People should know better but they don’t, says the annual Strangest Interview and Body Language list from CareerBuilder.

“There’s a lot riding on an interview — you have to make a great first impression, have knowledge of your target company and its product, and know exactly how to convey that you’re the perfect fit for the job,” says Rosemary Haefner, chief human resources officer at CareerBuilder. “The best thing you can do for yourself is to prepare and practice everything from your body language to answers to standard interview questions.

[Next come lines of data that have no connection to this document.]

(* Let $(\mathcal{C},\mathbb{E},\mathfrak{s})$ satisfy (ET1) and (ET2), and let $\mathcal{I}$ be a special precovering ideal of $\mathcal{C}$. If $\mathcal{I}^{\perp_{\mathbb{E}}}$ is an object ideal, then $\mathcal{I}$ is an object-special precovering ideal.
   Context: $\mathcal{C}$ additive, $\mathbb{E}:\mathcal{C}^{\mathrm{op}}\times\mathcal{C}\to\mathrm{Ab}$ biadditive (ET1); for $\delta\in\mathbb{E}(C,A)$, $a:A\to A'$, $c:C'\to C$ put $a_\star\delta=\mathbb{E}(C,a)(\delta)$, $c^\star\delta=\mathbb{E}(c,A)(\delta)$. (ET2): $\mathfrak{s}$ is an additive realization (Nakaoka–Palu): each $\delta\in\mathbb{E}(C,A)$ is assigned an equivalence class of sequences $A\to B\to C$ (up to isomorphism of middle terms), $0$ is realized by split sequences, realization respects direct sums, and if $a_\star\delta=c^\star\delta'$ there is a middle map making the realizing sequences commute. Realized pairs are $\mathbb{E}$-triangles $A\to B\to C\overset{\delta}{\dashrightarrow}$; commuting triples $(a,b,c)$ with $a_\star\delta=c^\star\delta'$ are morphisms of $\mathbb{E}$-triangles. Ideal: class of morphisms with zeros, closed under sums and two-sided composition. $\mathcal{I}^{\perp_{\mathbb{E}}}=\{g:A\to Y\mid m^\star g_\star\delta=0\ \forall m\in\mathcal{I},\,m:X\to C,\ \forall\delta\in\mathbb{E}(C,A)\}$. For a class $\mathcal{K}$ of morphisms, $\mathrm{Ob}(\mathcal{K})=\{A\mid \mathrm{id}_A\in\mathcal{K}\}$ and $\langle\mathcal{K}\rangle$ is the smallest ideal containing $\mathcal{K}$; $\mathcal{K}$ is an object ideal if $\mathcal{K}=\langle\mathrm{Ob}(\mathcal{K})\rangle$ (i.e. it consists of the morphisms factoring through objects of $\mathrm{Ob}(\mathcal{K})$); write $A\in\mathcal{K}$ for $A\in\mathrm{Ob}(\mathcal{K})$. A special $\mathcal{I}$-precover of $C$: $i:X\to C$ in $\mathcal{I}$ with $\mathbb{E}$-triangles $A\to B\to C\overset{\delta}{\dashrightarrow}$, $A'\to X\xrightarrow{i}C\overset{\delta'}{\dashrightarrow}$ and a morphism $(j,b,\mathrm{id}_C)$ between them, $j\in\mathcal{I}^{\perp_{\mathbb{E}}}$; $\mathcal{I}$ is special precovering if every object has one. An object-special $\mathcal{I}$-precover of $C$: $i:X\to C$ in $\mathcal{I}$ for which there is an $\mathbb{E}$-triangle $A\to X\xrightarrow{i}C\overset{\delta}{\dashrightarrow}$ with $A\in\mathcal{I}^{\perp_{\mathbb{E}}}$; $\mathcal{I}$ is object-special precovering if every object has one. *)

theory Defs
  imports "HOL-Algebra.Group"
begin

text \<open>HomG X A B : the abelian group Hom(A,B) (group law written multiplicatively
     in HOL-Algebra style; its unit is the zero morphism).
  Comp X g f : composition g o f.
  ExtG X C A : the abelian group E(C,A).
  Emap X c a : the map E(c,a) : E(C,A) -> E(C',A') for c : C' -> C, a : A -> A'.
  Rlz X C A d x y : the sequence A -x-> B -y-> C belongs to the class s(d),
     for d in E(C,A).\<close>

record ('o,'m,'e) etcat =
  Dom  :: "'m \<Rightarrow> 'o"
  Cod  :: "'m \<Rightarrow> 'o"
  HomG :: "'o \<Rightarrow> 'o \<Rightarrow> 'm monoid"
  Comp :: "'m \<Rightarrow> 'm \<Rightarrow> 'm"
  Ide  :: "'o \<Rightarrow> 'm"
  ExtG :: "'o \<Rightarrow> 'o \<Rightarrow> 'e monoid"
  Emap :: "'m \<Rightarrow> 'm \<Rightarrow> 'e \<Rightarrow> 'e"
  Rlz  :: "'o \<Rightarrow> 'o \<Rightarrow> 'e \<Rightarrow> 'm \<Rightarrow> 'm \<Rightarrow> bool"

abbreviation Hom :: "('o,'m,'e) etcat \<Rightarrow> 'o \<Rightarrow> 'o \<Rightarrow> 'm set" where
  "Hom X A B \<equiv> carrier (HomG X A B)"

abbreviation Ext :: "('o,'m,'e) etcat \<Rightarrow> 'o \<Rightarrow> 'o \<Rightarrow> 'e set" where
  "Ext X C A \<equiv> carrier (ExtG X C A)"

definition push :: "('o,'m,'e) etcat \<Rightarrow> 'o \<Rightarrow> 'm \<Rightarrow> 'e \<Rightarrow> 'e" where
  "push X C a d = Emap X (Ide X C) a d"

definition pull :: "('o,'m,'e) etcat \<Rightarrow> 'o \<Rightarrow> 'm \<Rightarrow> 'e \<Rightarrow> 'e" where
  "pull X A c d = Emap X c (Ide X A) d"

You never get a second chance to make a first impression, so going in well-prepared is key.”

When people aren’t well prepared is when they act the strangest. Here’s a list of some of our favorites …

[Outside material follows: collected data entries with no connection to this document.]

lemma norm_matrix_vector_sq_maximizer:
  fixes F :: "real^'d^'l"
  obtains e where "norm e = 1" "\<And>d. (norm (F *v d))\<^sup>2 \<le> (norm (F *v e))\<^sup>2 * (norm d)\<^sup>2"
proof -
  have "sphere (0::real^'d) 1 \<noteq> {}"
    using vector_choose_size[of 1] by auto
  moreover have "continuous_on (sphere 0 1) (\<lambda>v. (norm (F *v v))\<^sup>2)"
    by (intro continuous_intros)
  ultimately obtain e where e: "e \<in> sphere 0 1"
    and max: "\<And>v. v \<in> sphere 0 1 \<Longrightarrow> (norm (F *v v))\<^sup>2 \<le> (norm (F *v e))\<^sup>2"
    using continuous_attains_sup[OF compact_sphere] by blast
  have "(norm (F *v d))\<^sup>2 \<le> (norm (F *v e))\<^sup>2 * (norm d)\<^sup>2" for d
  proof (cases "d = 0")
    case False
    then have "(norm (F *v ((1 / norm d) *\<^sub>R d)))\<^sup>2 \<le> (norm (F *v e))\<^sup>2"
      by (intro max) simp
    with False show ?thesis
      by (simp add: matrix_vector_mult_scaleR field_simps)
  qed simp
  with e show ?thesis by (intro that) auto
qed

text \<open>First variation of the Rayleigh quotient at a maximizer.\<close>
lemma Gram_eigenvector_of_maximizer:
  fixes F :: "real^'d^'l"
  assumes e: "norm e = 1" and max: "\<And>d. (norm (F *v d))\<^sup>2 \<le> c * (norm d)\<^sup>2"
    and c: "c = (norm (F *v e))\<^sup>2"
  shows "(transpose F ** F) *v e = c *\<^sub>R e"
proof -
  define w where "w = (transpose F ** F) *v e - c *\<^sub>R e"
  have "2 * \<tau> * (norm w)\<^sup>2 + \<tau>\<^sup>2 * ((norm (F *v w))\<^sup>2 - c * (norm w)\<^sup>2) \<le> 0" for \<tau>
  proof -
    have "(norm (F *v (e + \<tau> *\<^sub>R w)))\<^sup>2 = c + 2 * \<tau> * (((transpose F ** F) *v e) \<bullet> w) + \<tau>\<^sup>2 * (norm (F *v w))\<^sup>2"
      unfolding power2_norm_eq_inner c inner_Gram_matrix
      by (simp add: inner_commute power2_eq_square algebra_simps)
    moreover have "(norm (e + \<tau> *\<^sub>R w))\<^sup>2 = 1 + 2 * \<tau> * (e \<bullet> w) + \<tau>\<^sup>2 * (norm w)\<^sup>2"
      using e[unfolded norm_eq_1] unfolding power2_norm_eq_inner
      by (simp add: inner_commute power2_eq_square algebra_simps)
    moreover have "((transpose F ** F) *v e) \<bullet> w - c * (e \<bullet> w) = (norm w)\<^sup>2"
      by (simp add: w_def power2_norm_eq_inner inner_diff_left)
    ultimately show ?thesis
      using max[of "e + \<tau> *\<^sub>R w"] by (simp add: algebra_simps)
  qed
  then have "(norm w)\<^sup>2 = 0" by (intro eq_0_if_quadratic_nonpos) auto
  then show ?thesis unfolding w_def by simp
qed

lemma lambda_max_Gram:
  fixes F :: "real^'d^'l"
  shows "0 \<le> lambda_max (transpose F ** F)"
    and "(norm (F *v d))\<^sup>2 \<le> lambda_max (transpose F ** F) * (norm d)\<^sup>2"
proof -
  obtain e where e: "norm e = 1" and max: "\<And>d. (norm (F *v d))\<^sup>2 \<le> (norm (F *v e))\<^sup>2 * (norm d)\<^sup>2"
    using norm_matrix_vector_sq_maximizer[of F] by blast
  define c where "c = (norm (F *v e))\<^sup>2"
  have le_c: "lam \<le> c" if "v \<noteq> 0" "(transpose F ** F) *v v = lam *\<^sub>R v" for lam v
  proof -
    have "lam * (norm v)\<^sup>2 = (norm (F *v v))\<^sup>2"
      using inner_Gram_matrix[of F v v] that by (simp add: power2_norm_eq_inner)
    also have "\<dots> \<le> c * (norm v)\<^sup>2" using max c_def by simp
    finally show ?thesis using that by simp
  qed
  have "lambda_max (transpose F ** F) = c"
    unfolding lambda_max_def
  proof (rule Max_eqI)
    show "finite {lam. \<exists>v. v \<noteq> 0 \<and> (transpose F ** F) *v v = lam *\<^sub>R v}"
      by (rule finite_eigenvalues_symmetric) (simp add: matrix_transpose_mul)
    show "c \<in> {lam. \<exists>v. v \<noteq> 0 \<and> (transpose F ** F) *v v = lam *\<^sub>R v}"
      using Gram_eigenvector_of_maximizer[OF e _ c_def] max e c_def by (auto intro!: exI[of _ e])
  qed (use le_c in blast)
  then show "0 \<le> lambda_max (transpose F ** F)" "(norm (F *v d))\<^sup>2 \<le> lambda_max (transpose F ** F) * (norm d)\<^sup>2"
    using max[of d] by (simp_all add: c_def)
qed

section \<open>One step of SPDHG\<close>

lemma Psad_gap_convex_combination:
  fixes F :: "real^'d^'l"
  assumes "convex_on X l" "finite I" "sum a I = 1" "\<And>i. i \<in> I \<Longrightarrow> 0 \<le> a i" "\<And>i. i \<in> I \<Longrightarrow> x i \<in> X"
  shows "Psad l F v (\<Sum>i\<in>I. a i *\<^sub>R x i) - Psad l F (\<Sum>i\<in>I. a i *\<^sub>R y i) u
    \<le> (\<Sum>i\<in>I. a i * (Psad l F v (x i) - Psad l F (y i) u))"
proof -
  have "I \<noteq> {}" using \<open>sum a I = 1\<close> by auto
  then have "l (\<Sum>i\<in>I. a i *\<^sub>R x i) \<le> (\<Sum>i\<in>I. a i * l (x i))"
    using convex_on_sum[OF \<open>finite I\<close> _ assms(1,3)] assms(4,5) by blast
  moreover have "l u = (\<Sum>i\<in>I. a i * l u)"
    using \<open>sum a I = 1\<close> by (simp add: sum_distrib_right[symmetric])
  moreover have "(\<Sum>i\<in>I. a i * (Psad l F v (x i) - Psad l F (y i) u))
      = (\<Sum>i\<in>I. a i * l (x i)) + (\<Sum>i\<in>I. a i * (v \<bullet> (F *v x i)))
        - (\<Sum>i\<in>I. a i * l u) - (\<Sum>i\<in>I. a i * (y i \<bullet> (F *v u)))"
    by (simp add: Psad_def right_diff_distrib distrib_left sum.distrib sum_subtractf)
  ultimately show ?thesis
    unfolding Psad_def vec.sum by (simp add: inner_sum_left inner_sum_right matrix_vector_mult_scaleR)
qed

lemma spdhg_step_basic:
  fixes F :: "real^'d^'l" and l :: "real^'d \<Rightarrow> real"
  assumes X: "convex X" "closed X" and Y: "convex Y" "closed Y"
    and strong: "\<And>x y. x \<in> X \<Longrightarrow> y \<in> X \<Longrightarrow> l y - l x - (y - x) \<bullet> gl x \<ge> \<mu> / 2 * (norm (y - x))\<^sup>2"
    and smooth: "\<And>x y. x \<in> X \<Longrightarrow> y \<in> X \<Longrightarrow> l y \<le> l x + gl x \<bullet> (y - x) + L / 2 * (norm (y - x))\<^sup>2"
    and "s > 0" "\<beta> > 0" and u: "u \<in> X" and v: "v \<in> Y" and x: "x \<in> X"
    and yp: "yp = closest_point Y (y + s *\<^sub>R (F *v x))"
    and xp: "xp = closest_point X (x - \<beta> *\<^sub>R (g + transpose F *v yp))"
  shows "Psad l F v xp - Psad l F yp u
    \<le> 1 / (2 * \<beta>) * ((norm (u - x))\<^sup>2 - (norm (u - xp))\<^sup>2 - (norm (xp - x))\<^sup>2)
      + L / 2 * (norm (xp - x))\<^sup>2 - \<mu> / 2 * (norm (u - x))\<^sup>2
      + 1 / (2 * s) * ((norm (v - y))\<^sup>2 - (norm (v - yp))\<^sup>2)
      + (v - yp) \<bullet> (F *v (xp - x)) - (g - gl x) \<bullet> (xp - x) + (g - gl x) \<bullet> (u - x)"
proof -
  have xpX: "xp \<in> X" using xp closest_point_in_set[OF X(2)] x by auto
  define q where "q = g + transpose F *v yp"
  have xp_q: "xp = closest_point X (x - \<beta> *\<^sub>R q)" using xp q_def by simp
  have dual: "(v - yp) \<bullet> (F *v x) \<le> 1 / (2 * s) * ((norm (v - y))\<^sup>2 - (norm (v - yp))\<^sup>2)"
    using closest_point_three_point[OF Y v, of "y + s *\<^sub>R (F *v x)" y] \<open>s > 0\<close>
    unfolding yp[symmetric] by (simp add: inner_commute field_simps) (use zero_le_power2[of "norm (yp - y)"] in linarith)
  have primal: "q \<bullet> (xp - u) \<le> 1 / (2 * \<beta>) * ((norm (u - x))\<^sup>2 - (norm (u - xp))\<^sup>2 - (norm (xp - x))\<^sup>2)"
    using closest_point_three_point[OF X u, of "x - \<beta> *\<^sub>R q" x] \<open>\<beta> > 0\<close>
    unfolding xp_q[symmetric] by (simp add: inner_diff_right field_simps)
  have "l xp - l u \<le> gl x \<bullet> (xp - u) + L / 2 * (norm (xp - x))\<^sup>2 - \<mu> / 2 * (norm (u - x))\<^sup>2"
    using smooth[OF x xpX] strong[OF x u] by (simp add: inner_diff_right inner_commute)
  moreover have "gl x \<bullet> (xp - u) = q \<bullet> (xp - u) - (g - gl x) \<bullet> (xp - x) + (g - gl x) \<bullet> (u - x)
      - yp \<bullet> (F *v xp) + yp \<bullet> (F *v u)"
    by (simp add: q_def dot_lmul_matrix algebra_simps)
  moreover have "v \<bullet> (F *v xp) - yp \<bullet> (F *v xp) = (v - yp) \<bullet> (F *v x) + (v - yp) \<bullet> (F *v (xp - x))"
    by (simp add: matrix_vector_mult_diff_distrib inner_diff_left inner_diff_right)
  ultimately show ?thesis
    using dual primal unfolding Psad_def by linarith
qed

The top five strangest things someone did in an interview

  • Broke out in song
  • Asked the interviewer if they were qualified to do their job
  • Asked to drink the interviewer’s coffee
  • Called a government job “something government-y”
  • Offered the interviewer pumpkins and said they transfer good energy

Yikes, if you’re not as crazy as these people – maybe you’ll learn a lesson from the top 10 things that will ruin your interview.

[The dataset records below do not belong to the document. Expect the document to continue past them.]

(* Let $X$ be a digraph containing a set of $m$ vertices no two of which form a digon. Then $\eta^+(X)\ge\lceil m/2\rceil$ and $\eta^-(X)\ge \lceil m/2\rceil$.
   Context: A digraph $X$ has a finite vertex set and an arc set of ordered pairs of distinct vertices; $\{x,y\}$ is a digon if both $xy,yx$ are arcs. The Hermitian adjacency matrix $H(X)$ has $(u,v)$-entry $1$ if $uv$ and $vu$ are arcs, $i$ if only $uv$ is an arc, $-i$ if only $vu$ is an arc, and $0$ otherwise. $\eta^+(X)$ (resp. $\eta^-(X)$) is the number of non-negative (resp. non-positive) eigenvalues of $H(X)$, counted with multiplicity. *)

theory Defs
  imports "Jordan_Normal_Form.Char_Poly"
begin

definition is_digraph :: "nat \<Rightarrow> (nat \<times> nat) set \<Rightarrow> bool" where
  "is_digraph n A \<longleftrightarrow> A \<subseteq> {0..<n} \<times> {0..<n} \<and> (\<forall>x. (x, x) \<notin> A)"

definition herm_adj :: "nat \<Rightarrow> (nat \<times> nat) set \<Rightarrow> complex mat" where
  "herm_adj n A = mat n n (\<lambda>(u, v).
     if (u, v) \<in> A \<and> (v, u) \<in> A then 1
     else if (u, v) \<in> A then \<i>
     else if (v, u) \<in> A then - \<i>
     else 0)"

definition eta_plus :: "nat \<Rightarrow> (nat \<times> nat) set \<Rightarrow> nat" where
  "eta_plus n A = (\<Sum>x \<in> {x. poly (char_poly (herm_adj n A)) x = 0 \<and> Im x = 0 \<and> Re x \<ge> 0}.
                     order x (char_poly (herm_adj n A)))"

definition eta_minus :: "nat \<Rightarrow> (nat \<times> nat) set \<Rightarrow> nat" where
  "eta_minus n A = (\<Sum>x \<in> {x. poly (char_poly (herm_adj n A)) x = 0 \<and> Im x = 0 \<and> Re x \<le> 0}.
                     order x (char_poly (herm_adj n A)))"

end

theory Submission
  imports Defs "Jordan_Normal_Form.Schur_Decomposition" "Jordan_Normal_Form.Spectral_Radius"
begin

10 mistakes that will destroy your chances of landing a job

Ranked by interviewers biggest pet peeves.

  • 71 percent: don’t like catching a candidate lying about something
  • 67 percent: can’t stand it when a candidate answers a phone call or texts during the interview
  • 59 percent: will pick up on an arrogant or entitled tone
  • 52 percent: don’t like when they tell the candidate lacks accountability
  • 51 percent: aren’t keen on curse words
  • 50 percent: would appreciate you dressing appropriately
  • 48 percent: don’t want to hear how bad your last job was
  • 45 percent: want you to actually know something about their company
  • 43 percent: will pick up on your unprofessional body language — not a good look
  • 35 percent: want to hear that you know a thing or two about the industry and their company’s competitors

Take note of the 43 percent who don’t like a candidate with bad body language.

Body language matters has previously reported that better body can land you a job, and Haefner agrees. 

“Acing the job interview isn’t just about what you say in response to the interviewer’s questions,” she says. “It’s also about what your body language says about you. Employers are looking for those non-verbal cues to indicate a candidate’s level of professionalism and if they will be the right fit for the position.”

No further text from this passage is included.